Sunday, June 13, 2010

Thoughts on a Sunday




I have been kicking around my apartment since I returned from Church and a quick run to Bristol Farm for supplies. And oustide my apartment because the gloom of June ended earlier today and there was sunshine to enjoy. So me and Ellwood shared a sandwich (don't feed cheese to a toothless cat parenthetically. It gets stuck on the room of the mouth) and I made an entry in my private journal while the breeze meandered about me.
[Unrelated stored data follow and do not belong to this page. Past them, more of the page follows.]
(* Let $\mathfrak g$ be a $(2n+2)$-dimensional real almost abelian Lie algebra with $\dim\mathfrak g\ge 6$ (i.e. $n\ge2$). Then $\mathfrak g$ admits an LCS structure if and only if $\mathfrak g$ is isomorphic to $\mathbb R f_1\ltimes_M\mathbb R^{2n+1}$, where $\mathbb R^{2n+1}$ is an abelian ideal with basis $\{f_2,u_1,\dots,u_n,v_1,\dots,v_n\}$ and $M=\operatorname{ad}_{f_1}|_{\mathbb R^{2n+1}}$ has matrix $M=\begin{pmatrix}\mu & w^{T}\\ 0 & \lambda I_{2n}+B\end{pmatrix}$ for some $\mu,\lambda\in\mathbb R$ with $\lambda\neq 0$, $w\in\mathbb R^{2n}$ and $B\in\mathfrak{sp}(n,\mathbb R)$. In this case $\omega=f^1\wedge f^2+\sum_{i=1}^n u^i\wedge v^i$ is an LCS form with Lee form $\theta=-2\lambda f^1$, where $\{f^1,f^2,u^1,\dots,u^n,v^1,\dots,v^n\}$ is the dual basis. Moreover, $\mathfrak g$ is unimodular if and only if $\lambda=-\frac{\mu}{2n}$.
   Context: An almost abelian Lie algebra is a real Lie algebra with an abelian ideal of codimension one. An LCS (locally conformal symplectic) structure on a Lie algebra $\mathfrak g$ is a pair $(\omega,\theta)$ with $\omega\in\Lambda^2\mathfrak g^*$ non-degenerate and $\theta\in\mathfrak g^*$ closed and nonzero, such that $d\omega=\theta\wedge\omega$ ($d$ the Chevalley–Eilenberg differential); $\theta$ is the Lee form. $\mathfrak{sp}(n,\mathbb R)$ is the set of real $2n\times2n$ matrices $B$ (acting on $\operatorname{span}\{u_i,v_i\}$ in the given basis) with $B^{T}\Omega+\Omega B=0$, $\Omega=\begin{pmatrix}0&I_n\\-I_n&0\end{pmatrix}$. Unimodular means $\operatorname{tr}\operatorname{ad}_x=0$ for all $x$. *)

theory Defs
  imports "HOL-Analysis.Analysis"
begin

definition lie_algebra :: "('a::euclidean_space \<Rightarrow> 'a \<Rightarrow> 'a) \<Rightarrow> bool" where
  "lie_algebra br \<longleftrightarrow> bilinear br \<and> (\<forall>x. br x x = 0) \<and>
     (\<forall>x y z. br x (br y z) + br y (br z x) + br z (br x y) = 0)"

definition almost_abelian :: "('a::euclidean_space \<Rightarrow> 'a \<Rightarrow> 'a) \<Rightarrow> bool" where
  "almost_abelian br \<longleftrightarrow> (\<exists>h::'a set. subspace h \<and> dim h = DIM('a) - 1 \<and>
     (\<forall>x\<in>h. \<forall>y\<in>h. br x y = 0) \<and> (\<forall>x. \<forall>y\<in>h. br x y \<in> h))"

definition ce_d2 :: "('a \<Rightarrow> 'a \<Rightarrow> 'a) \<Rightarrow> ('a \<Rightarrow> 'a \<Rightarrow> real) \<Rightarrow> 'a \<Rightarrow> 'a \<Rightarrow> 'a \<Rightarrow> real" where
  "ce_d2 br \<omega> x y z = - \<omega> (br x y) z + \<omega> (br x z) y - \<omega> (br y z) x"

definition wedge12 :: "('a \<Rightarrow> real) \<Rightarrow> ('a \<Rightarrow> 'a \<Rightarrow> real) \<Rightarrow> 'a \<Rightarrow> 'a \<Rightarrow> 'a \<Rightarrow> real" where
  "wedge12 \<theta> \<omega> x y z = \<theta> x * \<omega> y z - \<theta> y * \<omega> x z + \<theta> z * \<omega> x y"

text \<open>LCS structure (omega, theta) on the Lie algebra (br): omega a non-degenerate
  2-form, theta a nonzero closed 1-form (d theta (x,y) = - theta [x,y]), d omega = theta wedge omega.\<close>
definition LCS :: "('a::euclidean_space \<Rightarrow> 'a \<Rightarrow> 'a) \<Rightarrow> ('a \<Rightarrow> 'a \<Rightarrow> real) \<Rightarrow> ('a \<Rightarrow> real) \<Rightarrow> bool" where
  "LCS br \<omega> \<theta> \<longleftrightarrow> bilinear \<omega> \<and> (\<forall>x. \<omega> x x = 0) \<and>
     (\<forall>x. (\<forall>y. \<omega> x y = 0) \<longrightarrow> x = 0) \<and>
     linear \<theta> \<and> \<theta> \<noteq> (\<lambda>x. 0) \<and> (\<forall>x y. \<theta> (br x y) = 0) \<and>
     (\<forall>x y z. ce_d2 br \<omega> x y z = wedge12 \<theta> \<omega> x y z)"

definition unimodular :: "('a::euclidean_space \<Rightarrow> 'a \<Rightarrow> 'a) \<Rightarrow> bool" where
  "unimodular br \<longleftrightarrow> (\<forall>x. (\<Sum>b\<in>Basis. br x b \<bullet> b) = 0)"

text \<open>The matrix Omega = [[0, I_n], [-I_n, 0]], indices 0..<2n.\<close>
definition Omega :: "nat \<Rightarrow> nat \<Rightarrow> nat \<Rightarrow> real" where
  "Omega n i j = (if i < n \<and> j = i + n then 1 else if j < n \<and> i = j + n then -1 else 0)"

definition in_sp :: "nat \<Rightarrow> (nat \<Rightarrow> nat \<Rightarrow> real) \<Rightarrow> bool" where
  "in_sp n B \<longleftrightarrow> (\<forall>i<2*n. \<forall>k<2*n.
     (\<Sum>j<2*n. B j i * Omega n j k) + (\<Sum>j<2*n. Omega n i j * B j k) = 0)"

definition is_basis_fam :: "nat \<Rightarrow> (nat \<Rightarrow> 'a::euclidean_space) \<Rightarrow> bool" where
  "is_basis_fam N e \<longleftrightarrow> (\<forall>c. (\<Sum>i<N. c i *\<^sub>R e i) = 0 \<longrightarrow> (\<forall>i<N. c i = 0)) \<and>
     span (e ` {..<N}) = UNIV"

definition dual_coord :: "nat \<Rightarrow> (nat \<Rightarrow> 'a::euclidean_space) \<Rightarrow> nat \<Rightarrow> 'a \<Rightarrow> real" where
  "dual_coord N e k x = (THE c. (\<forall>i\<ge>N. c i = 0) \<and> x = (\<Sum>i<N. c i *\<^sub>R e i)) k"

text \<open>The basis e = (f1, f2, u_1..u_n, v_1..v_n), i.e. e 0 = f1, e 1 = f2,
  e (j+2) = u_(j+1) for j < n and e (j+2) = v_(j-n+1) for n \<le> j < 2n,
  exhibits the Lie algebra as R f1 \<ltimes>_M R^(2n+1), R^(2n+1) = span{e 1..e (2n+1)} abelian,
  M = ad_f1 restricted, with matrix [[mu, w^T],[0, lam I_2n + B]] in the basis
  (f2, u_1..u_n, v_1..v_n) (columns = images of basis vectors).\<close>
definition semidirect_form ::
  "('a::euclidean_space \<Rightarrow> 'a \<Rightarrow> 'a) \<Rightarrow> nat \<Rightarrow> (nat \<Rightarrow> 'a) \<Rightarrow> real \<Rightarrow> real \<Rightarrow>
   (nat \<Rightarrow> real) \<Rightarrow> (nat \<Rightarrow> nat \<Rightarrow> real) \<Rightarrow> bool" where
  "semidirect_form br n e mu lam w B \<longleftrightarrow>
     is_basis_fam (2*n+2) e \<and> in_sp n B \<and>
     (\<forall>a\<in>{1..2*n+1}. \<forall>b\<in>{1..2*n+1}. br (e a) (e b) = 0) \<and>
     br (e 0) (e 1) = mu *\<^sub>R e 1 \<and>
     (\<forall>j<2*n. br (e 0) (e (j+2)) =
        w j *\<^sub>R e 1 + (\<Sum>i<2*n. ((if i = j then lam else 0) + B i j) *\<^sub>R e (i+2)))"

text \<open>omega = f^1 \<and> f^2 + sum_i u^i \<and> v^i, with (a \<and> b)(x,y) = a x b y - a y b x.\<close>
definition omega_std :: "nat \<Rightarrow> (nat \<Rightarrow> 'a::euclidean_space) \<Rightarrow> 'a \<Rightarrow> 'a \<Rightarrow> real" where
  "omega_std n e x y =
     (let c = dual_coord (2*n+2) e in
       c 0 x * c 1 y - c 0 y * c 1 x +
       (\<Sum>i<n. c (i+2) x * c (i+n+2) y - c (i+2) y * c (i+n+2) x))"

end

theory Submission
  imports Defs
begin

(* Let h be the abelian ideal, f1 a vector outside it and (omega, theta) an LCS structure.
  Evaluating d omega = theta \<and> omega on h shows that a nonzero theta on h would force
  the radical of omega restricted to h to have dimension at least dim h - 2 \<ge> 3, whereas
  nondegeneracy of omega (h has codimension one) makes that radical at most a line. Hence
  theta = theta(f1) f^1, and evaluating on (f1, y, z) with y, z in h gives
  omega([f1,y],z) + omega(y,[f1,z]) = -theta(f1) omega(y,z). Since dim h is odd the radical is
  a line R f2, a Darboux basis u, v of omega on a complement of it completes f1, f2 to a basis,
  and the identity says exactly that ad f1 is lambda + B on the symplectic part with
  B in sp(n) and lambda = -theta(f1)/2. Conversely, the same identity shows that omega_std is
  LCS for such a semidirect form, and tr ad f1 = mu + 2 n lambda because tr B = 0. *)

section \<open>Linear algebra in a basis\<close>

lemma bilinear_eq_0_on_span:
  fixes F :: "'a::real_vector \<Rightarrow> 'a \<Rightarrow> 'c::real_vector"
  assumes "\<And>y. linear (\<lambda>x. F x y)" and "\<And>x. linear (\<lambda>y. F x y)"
    and "span S = UNIV" and "\<And>a b. a \<in> S \<Longrightarrow> b \<in> S \<Longrightarrow> F a b = 0"
  shows "F x y = 0"
proof -
  have "F a y = 0" if "a \<in> S" for a
    using linear_eq_0_on_span[of "F a" S y] assms(2-4) that by auto
  then show ?thesis
    using linear_eq_0_on_span[of "\<lambda>x. F x y" S x] assms(1,3) by auto
qed

lemma trilinear_eq_0_on_span:
  fixes F :: "'a::real_vector \<Rightarrow> 'a \<Rightarrow> 'a \<Rightarrow> 'c::real_vector"
  assumes "\<And>y z. linear (\<lambda>x. F x y z)" and "\<And>x z. linear (\<lambda>y. F x y z)"
    and "\<And>x y. linear (\<lambda>z. F x y z)" and "span S = UNIV"
    and "\<And>a b c. a \<in> S \<Longrightarrow> b \<in> S \<Longrightarrow> c \<in> S \<Longrightarrow> F a b c = 0"
  shows "F x y z = 0"
proof -
  have "F a b z = 0" if "a \<in> S" "b \<in> S" for a b
    using linear_eq_0_on_span[of "F a b" S z] assms(3-5) that by auto
  then show ?thesis
    using bilinear_eq_0_on_span[of "\<lambda>x y. F x y z"] assms(1,2,4) by blast
qed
This morning, lying in bed just awakened, I thought suddenly about a bronze coin a friend gave me, a memento of hers or someone she knew from the Bicentennial of 1976. I was suddenly cognizant of just how young this country is and how I, probably we, never really consider that the events we treat as ancient history are really adjacent to our own. I remember standing on a Bronx roof, courtesy of one of my late uncles, that overlooked the Hudson, watching the tall ships sailing up in one of the commemorations. I had lived already, 22 years of that 200 years since the founding of our country. I have now lived 56 years of the 234 years since the founding of our county. Not that many generations separate me from Thomas Jefferson and George Washington and the beginning of the great American Experiment.
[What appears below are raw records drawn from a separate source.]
(* Let $d\ge1$ and let $X$ be $\mathbb{R}^d$ equipped with a norm $\|\cdot\|$ such that $X$ is uniformly smooth, i.e. its modulus of smoothness $$\rho(u):=\sup_{\|x\|=\|y\|=1}\Big(\tfrac12(\|x+uy\|+\|x-uy\|)-1\Big)$$ satisfies $\lim_{u\to0}\rho(u)/u=0$. Let $B=\{x:\|x\|\le1\}$, $B^o(x)=\{y:\|y-x\|<1\}$, and let $\{e^j\}_{j=1}^d$ be the standard basis of $\mathbb{R}^d$. For $a>0$ define $x^j:=ae^j$, $j=1,\dots,d$, and $x^{d+1}:=-a\sum_{j=1}^de^j$. Then there exists $a>0$ such that $$B\subset\bigcup_{j=1}^{d+1}B^o(x^j).$$ *)

theory Defs
  imports "HOL-Analysis.Analysis"
begin

definition is_norm :: "('a::real_vector \<Rightarrow> real) \<Rightarrow> bool" where
  "is_norm N \<longleftrightarrow>
     (\<forall>x. 0 \<le> N x) \<and> (\<forall>x. N x = 0 \<longleftrightarrow> x = 0) \<and>
     (\<forall>c x. N (c *\<^sub>R x) = \<bar>c\<bar> * N x) \<and>
     (\<forall>x y. N (x + y) \<le> N x + N y)"

definition modulus_smoothness :: "('a::real_vector \<Rightarrow> real) \<Rightarrow> real \<Rightarrow> real" where
  "modulus_smoothness N u =
     (SUP p\<in>{(x, y). N x = 1 \<and> N y = 1}.
        (N (fst p + u *\<^sub>R snd p) + N (fst p - u *\<^sub>R snd p)) / 2 - 1)"

definition uniformly_smooth :: "('a::real_vector \<Rightarrow> real) \<Rightarrow> bool" where
  "uniformly_smooth N \<longleftrightarrow> ((\<lambda>u. modulus_smoothness N u / u) \<longlongrightarrow> 0) (at 0)"

end

theory Submission
  imports Defs
begin
theorem theorem17:
  fixes V :: "'a::linorder set" and E :: "'a \<Rightarrow> 'a \<Rightarrow> bool" and v :: 'a and d :: nat
  assumes "simple_graph V E" and "v \<in> V" and "d = degree V E v"
  shows "- int d \<le> int (mur V E) - int (mur (del_vertex_V V v) (del_vertex_E E v))
       \<and> int (mur V E) - int (mur (del_vertex_V V v) (del_vertex_E E v)) \<le> int d + 2"
proof
  obtain \<alpha> \<beta> \<gamma> \<delta> where "\<alpha> \<noteq> 0" and "mur V E = vec_space.rank (card V) (univ_adj_matrix V E \<alpha> \<beta> \<gamma> \<delta>)"
    by (rule mur_attained)
  then have "mur (del_vertex_V V v) (del_vertex_E E v) \<le> mur V E + d"
    using mur_le_rank[of \<alpha> "del_vertex_V V v" "del_vertex_E E v" \<beta> \<gamma> \<delta>]
      rank_univ_adj_matrix_del_vertex(1)[OF assms(1,2), of \<alpha> \<beta> \<gamma> \<delta>] assms(3) by linarith
  then show "- int d \<le> int (mur V E) - int (mur (del_vertex_V V v) (del_vertex_E E v))" by linarith
next
  obtain \<alpha> \<beta> \<gamma> \<delta> where "\<alpha> \<noteq> 0" and "mur (del_vertex_V V v) (del_vertex_E E v) =
      vec_space.rank (card (del_vertex_V V v)) (univ_adj_matrix (del_vertex_V V v) (del_vertex_E E v) \<alpha> \<beta> \<gamma> \<delta>)"
    by (rule mur_attained)
  then have "mur V E \<le> mur (del_vertex_V V v) (del_vertex_E E v) + d + 2"
    using mur_le_rank[of \<alpha> V E \<beta> \<gamma> \<delta>]
      rank_univ_adj_matrix_del_vertex(2)[OF assms(1,2), of \<alpha> \<beta> \<gamma> \<delta>] assms(3) by linarith
  then show "int (mur V E) - int (mur (del_vertex_V V v) (del_vertex_E E v)) \<le> int d + 2" by linarith
qed

end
Or separate any of us in the fifty states from that delicate balance which is Democracy in America. And yet we treat her, America, as if we can say or do anything without damage to the core values. We treat her, in fact, as if those core values mean nothing, and can be rearranged wily nilly. Or worse, we treat her, as if those core values should be eradicated in favor of those kinds which we have seen if only we remembered destroy the rights of man using deceptive self-aggrandizing rhetoric. I think perhaps Daniel Webster was more astute at discerning the rhetoric of the Devil than we the people have been of late. This country is young and it hasn't taken sufficient root for us to assume that the values of the Founding Fathers, which are by the way under vicious and alas even smug attack, will survive. Without the values there is no America, despite the appeals to their irrelevancy. And some of those appeals are from our own representatives, who refuse to listen to their constituencies about key issues. Even mock those constituencies in an early expression of government despotism.



We haven't been around so long that we can afford to think ourselves indestructible. Countries and empires with far more years under their territorial belts, died writhing deaths, as did their citizens, failing to heed the lessons of history.
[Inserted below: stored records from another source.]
lemma bij_betw_Gal_comp_left:
  assumes h: "h \<in> Gal l"
  shows "bij_betw (\<lambda>g. h \<circ> g) (Gal l) (Gal l)"
proof (rule bij_betwI[where g = "\<lambda>g. inv h \<circ> g"])
  have "inv h \<circ> h = id" "h \<circ> inv h = id"
    using bij_Gal[OF h] by (simp_all add: bij_def surj_iff[symmetric])
  thus "inv h \<circ> (h \<circ> g) = g" "h \<circ> (inv h \<circ> g) = g" for g
    by (simp_all add: comp_assoc[symmetric])
qed (use Gal_comp_closed[OF h] Gal_comp_closed[OF Gal_inv_closed[OF h]] in auto)

lemma Gal_normalize:
  assumes nf: "number_field l" and emb: "embedding l \<sigma>" and into: "\<sigma> ` l \<subseteq> l"
  shows "(\<lambda>x. if x \<in> l then \<sigma> x else x) \<in> Gal l"
proof -
  have sfl: "subfield_C l"
    using number_field_subfield_C[OF nf] .
  let ?s = "\<lambda>x. if x \<in> l then \<sigma> x else x"
  have "embedding l ?s"
    using emb sfl unfolding embedding_def by (auto simp: subfield_C_add subfield_C_mult)
  moreover have "bij_betw ?s l l"
  proof (rule bij_betw_imageI)
    show "inj_on ?s l"
      using inj_on_embedding[OF sfl emb] by (auto simp: inj_on_def)
    show "?s ` l = l"
      using embedding_image_eq[OF nf emb into] by (auto intro: image_cong)
  qed
  ultimately show ?thesis
    unfolding Gal_def by auto
qed

lemma Gal_fixed_imp_Rats:
  assumes gal: "galois_over_Q l" and y: "y \<in> l" and fixed: "\<forall>g\<in>Gal l. g y = y"
  shows "y \<in> \<rat>"
proof (rule ccontr)
  assume "y \<notin> \<rat>"
  have nf: "number_field l"
    using gal by (simp add: galois_over_Q_def)
  obtain \<sigma> where \<sigma>: "embedding l \<sigma>" "\<sigma> y \<noteq> y"
    using embedding_moves_irrational[OF nf y \<open>y \<notin> \<rat>\<close>] by blast
  have "\<sigma> ` l \<subseteq> l"
    using gal \<sigma>(1) by (simp add: galois_over_Q_def)
  from Gal_normalize[OF nf \<sigma>(1) this] fixed y \<sigma>(2) show False
    by auto
qed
I don't know. I don't know why I was thinking about this stuff in my bed on a Sunday in June. But I actually got a littled chilled to think that so little time in the past, a group of adventurous, thoughtful men (and it's ok with me that it was mostly men since that was the society of the time, foward thinking, but still with the frailty of humanity) were birthing something so magnificent that we might let die because of our negligence or wilfullness. Worse because of our ignorance of the value of what we have had.